Tuesday, September 8, 2009

CapitaLand Ltd: Gillman Heights development plan unveiled

Lowering our project profit estimation. While we previously assumed a project margin of 25% for this project, we have now lowered our margin assumption to 20% for this project and the average selling price could be around S$900 psf. On these new assumptions, we have now lowered CapLand's attributable share of profit contribution from this project by 32.8% from S$205.5m to S$138m.

Important step towards capital deployment but excitement dwindling. CapLand recently announced its plan to deploy the capital it raised during its Rights issue in Feb. Out of the proceeds of S$1.8b, S$1b will be deployed to 3 of its business units- CapitaLand China (S$500m), CapitaLand Vietnam (S$300m) and Ascott (S$200m).

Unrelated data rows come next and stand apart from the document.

lemma greedy_clique_bound_at_codegree_gt:
  fixes r :: nat and N \<delta> :: real
  defines "\<mu> \<equiv> (2 * (real r - 1) * (real r + 1) * \<delta> - real r * (real r - 1) * N)
    / (real r * (real r + 1))"
  assumes "r \<ge> 3" and "N > 0"
    and "\<delta> > ((real r - 1) / real r - 1 / (real r^2 * (real r^2 - 1))) * N"
  shows "(real (r - 1) - 1) * (N - \<delta>) \<le> \<mu>"
    and "N ^ (r - 1) / real r ^ (r + 3) < greedy_clique_bound (N - \<delta>) (r - 1) \<mu>"
proof -
  define g where "g = N * (real r^2 - 2 * real r + 2) / (real r^3 * (real r^2 - 1))"
  obtain q where r: "r = q + 2"
    using \<open>r \<ge> 3\<close> by (intro that[of "r - 2"]) simp
  have steps: "(real q - real i) * (N / real r) + g \<le> \<mu> - real i * (N - \<delta>)" if "i \<le> q" for i
    using codegree_bound_sub_mult_ge[of "real r" N \<delta> "real i"] assms that
    unfolding \<mu>_def g_def r by simp
  have "real r^2 - 2 * real r + 2 = (real r - 1)^2 + 1"
    by (simp add: power2_eq_square algebra_simps)
  then have "0 \<le> real r^2 - 2 * real r + 2"
    by (metis add_nonneg_nonneg zero_le_one zero_le_power2)
  moreover have "1 < real r^2"
    using \<open>r \<ge> 3\<close> by simp
  ultimately have "0 \<le> g"
    unfolding g_def using \<open>N > 0\<close> by simp
  show "(real (r - 1) - 1) * (N - \<delta>) \<le> \<mu>"
    using steps[of q] \<open>0 \<le> g\<close> unfolding r by simp
  have "N ^ (r - 1) / real r ^ (r + 3) < (N / real r) ^ q * g / real (Suc q)"
    using power_div_lt_greedy_estimate[OF \<open>r \<ge> 3\<close> \<open>N > 0\<close>] unfolding g_def r by simp
  also have "\<dots> \<le> greedy_clique_bound (N - \<delta>) (Suc q) \<mu>"
  proof (rule greedy_clique_bound_Suc_ge)
    show "real (q - i) * (N / real r) \<le> \<mu> - real i * (N - \<delta>)" if "i < q" for i
      using steps[of i] that \<open>0 \<le> g\<close> by simp
  qed (use steps[of q] \<open>0 \<le> g\<close> \<open>N > 0\<close> in simp_all)
  finally show "N ^ (r - 1) / real r ^ (r + 3) < greedy_clique_bound (N - \<delta>) (r - 1) \<mu>"
    unfolding r by simp
qed

theorem lemma5:
  fixes V :: "'a set" and E :: "'a \<Rightarrow> 'a \<Rightarrow> bool" and r n :: nat
  assumes "simple_graph V E"
    and "card V = n"
    and "r \<ge> 3"
    and "cliques V E (r + 1) \<noteq> {}"
    and "real (min_degree V E) > ((real r - 1) / real r - 1 / (real r ^ 2 * (real r ^ 2 - 1))) * real n"
  shows "real (js V E (r + 1)) > real n ^ (r - 1) / real r ^ (r + 3)"
proof -
  obtain K where K: "K \<in> cliques V E (Suc r)"
    using assms(4) by auto
  have finV: "finite V" and "V \<noteq> {}"
    using assms(1) K unfolding simple_graph_def cliques_def is_clique_def by auto
  then have "real n > 0"
    using assms(2) by auto
  note arith = greedy_clique_bound_at_codegree_gt[OF assms(3) \<open>real n > 0\<close> assms(5)]
  obtain u v where "E u v"
    and codegree: "(2 * (real r - 1) * (real r + 1) * real (min_degree V E) - real r * (real r - 1) * real n)
        / (real r * (real r + 1))
      \<le> real (card (V \<inter> {w. E u w} \<inter> {w. E v w}))"
    using clique_has_edge_with_large_codegree[OF assms(1) K, of "real (min_degree V E)"]
      min_degree_le_degree[OF finV] assms(2,3) by auto
  have "\<And>w. w \<in> V \<Longrightarrow> real (card {u \<in> V. \<not> E w u}) \<le> real n - real (min_degree V E)"
    using card_non_neighbours_le[OF finV] assms(2) by blast
  note js_bound = js_ge_greedy_clique_bound[OF assms(1) this \<open>E u v\<close> arith(1) codegree]
  have "Suc (Suc (r - 1)) = r + 1"
    using assms(3) by simp
  then show ?thesis
    using arith(2) js_bound by simp
qed

end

Although this is one step closer towards capital deployment, we think that the initial excitement over the potential value creation from the capital deployment is now dwindling as the strong recovery in the property markets in Singapore and China has now lowered hopes of distress acquisitions.

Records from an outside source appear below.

(* The matrix $$U_6=\tfrac12 S_0\otimes\left(I_2\otimes I_2+\sigma_1\otimes\sigma_1+\sigma_2\otimes\sigma_2+\sigma_3\otimes\sigma_3\right)+\tfrac{1}{\sqrt2}S_3\otimes\left(I_2\otimes\sigma_1+\sigma_2\otimes\sigma_3\right)$$ on $\mathbb{C}^2\otimes\mathbb{C}^2\otimes\mathbb{C}^2$ is unitary and $\mathrm{sr}(U_6)=6$.
   Context: $S_0=\begin{bmatrix}1&0\\0&0\end{bmatrix}$, $S_1=\begin{bmatrix}0&1\\0&0\end{bmatrix}$, $S_2=\begin{bmatrix}0&0\\1&0\end{bmatrix}$, $S_3=\begin{bmatrix}0&0\\0&1\end{bmatrix}$. $I_2$ is the $2\times2$ identity and $\sigma_1=\begin{bmatrix}0&1\\1&0\end{bmatrix}$, $\sigma_2=\begin{bmatrix}0&-i\\i&0\end{bmatrix}$, $\sigma_3=\begin{bmatrix}1&0\\0&-1\end{bmatrix}$ are the Pauli matrices. For a matrix $U$ on $\mathbb{C}^2\otimes\mathbb{C}^2\otimes\mathbb{C}^2$ (systems $A,B,C$), its Schmidt rank $\mathrm{sr}(U)$ is the least integer $r$ such that $U=\sum_{j=1}^r A_j\otimes B_j\otimes C_j$ with $A_j,B_j,C_j$ complex $2\times 2$ matrices (i.e. the tensor rank of $U$). *)

theory Defs
  imports "HOL-Analysis.Analysis"
begin

text \<open>2x2 complex matrices are elements of complex^2^2; row/column index 1 is the
first basis vector, index 2 the second.\<close>

definition mat2 :: "complex \<Rightarrow> complex \<Rightarrow> complex \<Rightarrow> complex \<Rightarrow> complex^2^2" where
  "mat2 a b c d = (\<chi> i j. if i = 1 then (if j = 1 then a else b) else (if j = 1 then c else d))"

definition S0 :: "complex^2^2" where "S0 = mat2 1 0 0 0"
definition S1 :: "complex^2^2" where "S1 = mat2 0 1 0 0"
definition S2 :: "complex^2^2" where "S2 = mat2 0 0 1 0"
definition S3 :: "complex^2^2" where "S3 = mat2 0 0 0 1"
definition I2 :: "complex^2^2" where "I2 = mat2 1 0 0 1"
definition sigma1 :: "complex^2^2" where "sigma1 = mat2 0 1 1 0"
definition sigma2 :: "complex^2^2" where "sigma2 = mat2 0 (-\<i>) \<i> 0"
definition sigma3 :: "complex^2^2" where "sigma3 = mat2 1 0 0 (-1)"

text \<open>Operators on C^2 (x) C^2 (x) C^2 (systems A,B,C) are matrices indexed by triples.\<close>
type_synonym op3 = "complex^(2\<times>2\<times>2)^(2\<times>2\<times>2)"

definition tensor2 :: "complex^2^2 \<Rightarrow> complex^2^2 \<Rightarrow> complex^(2\<times>2)^(2\<times>2)" where
  "tensor2 B C = (\<chi> i j. B $ fst i $ fst j * C $ snd i $ snd j)"

definition tensor3 :: "complex^2^2 \<Rightarrow> complex^2^2 \<Rightarrow> complex^2^2 \<Rightarrow> op3" where
  "tensor3 A B C = (\<chi> i j. A $ fst i $ fst j * B $ fst (snd i) $ fst (snd j) * C $ snd (snd i) $ snd (snd j))"

definition tensor_1_2 :: "complex^2^2 \<Rightarrow> complex^(2\<times>2)^(2\<times>2) \<Rightarrow> op3" where
  "tensor_1_2 A M = (\<chi> i j. A $ fst i $ fst j * M $ snd i $ snd j)"

definition cadjoint :: "complex^'n^'m \<Rightarrow> complex^'m^'n" where
  "cadjoint U = (\<chi> i j. cnj (U $ j $ i))"

definition unitary_mat :: "complex^'n^'n \<Rightarrow> bool" where
  "unitary_mat U \<longleftrightarrow> U ** cadjoint U = mat 1 \<and> cadjoint U ** U = mat 1"

definition schmidt_rank :: "op3 \<Rightarrow> nat" where
  "schmidt_rank U = (LEAST r. \<exists>A B C :: nat \<Rightarrow> complex^2^2.
       U = (\<Sum>j<r. tensor3 (A j) (B j) (C j)))"

definition U6 :: op3 where
  "U6 = (1/2) *\<^sub>R tensor_1_2 S0 (tensor2 I2 I2 + tensor2 sigma1 sigma1 + tensor2 sigma2 sigma2 + tensor2 sigma3 sigma3)
       + (1 / sqrt 2) *\<^sub>R tensor_1_2 S3 (tensor2 I2 sigma1 + tensor2 sigma2 sigma3)"

end

theory Submission
  imports Defs
begin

Maintain HOLD. Our RNAV estimate has been lowered marginally to S$3.72 (previously S$3.73) after lowering our estimated profit contribution from The Interlace. We continue to peg our fair value of CapLand at par to its RNAV and thus deriving a fair value of S$3.72 (previously S$3.73). Since our last report on 30th July, CapLand's share price had fallen closer to our fair value. Price looks fair but value has not yet emerged. We maintain our HOLD rating on CapLand. We continue to like CapLand's growth potential in developing countries like China and Vietnam but advise investors to wait to enter at more attractive valuation of at least 10% below our RNAV estimates for a better margin-of-safety. Investors may want to switch to other value property developers like UOL Group (BUY; FV: S$4.07) that is trading at 21.8% discount to our RNAV estimate.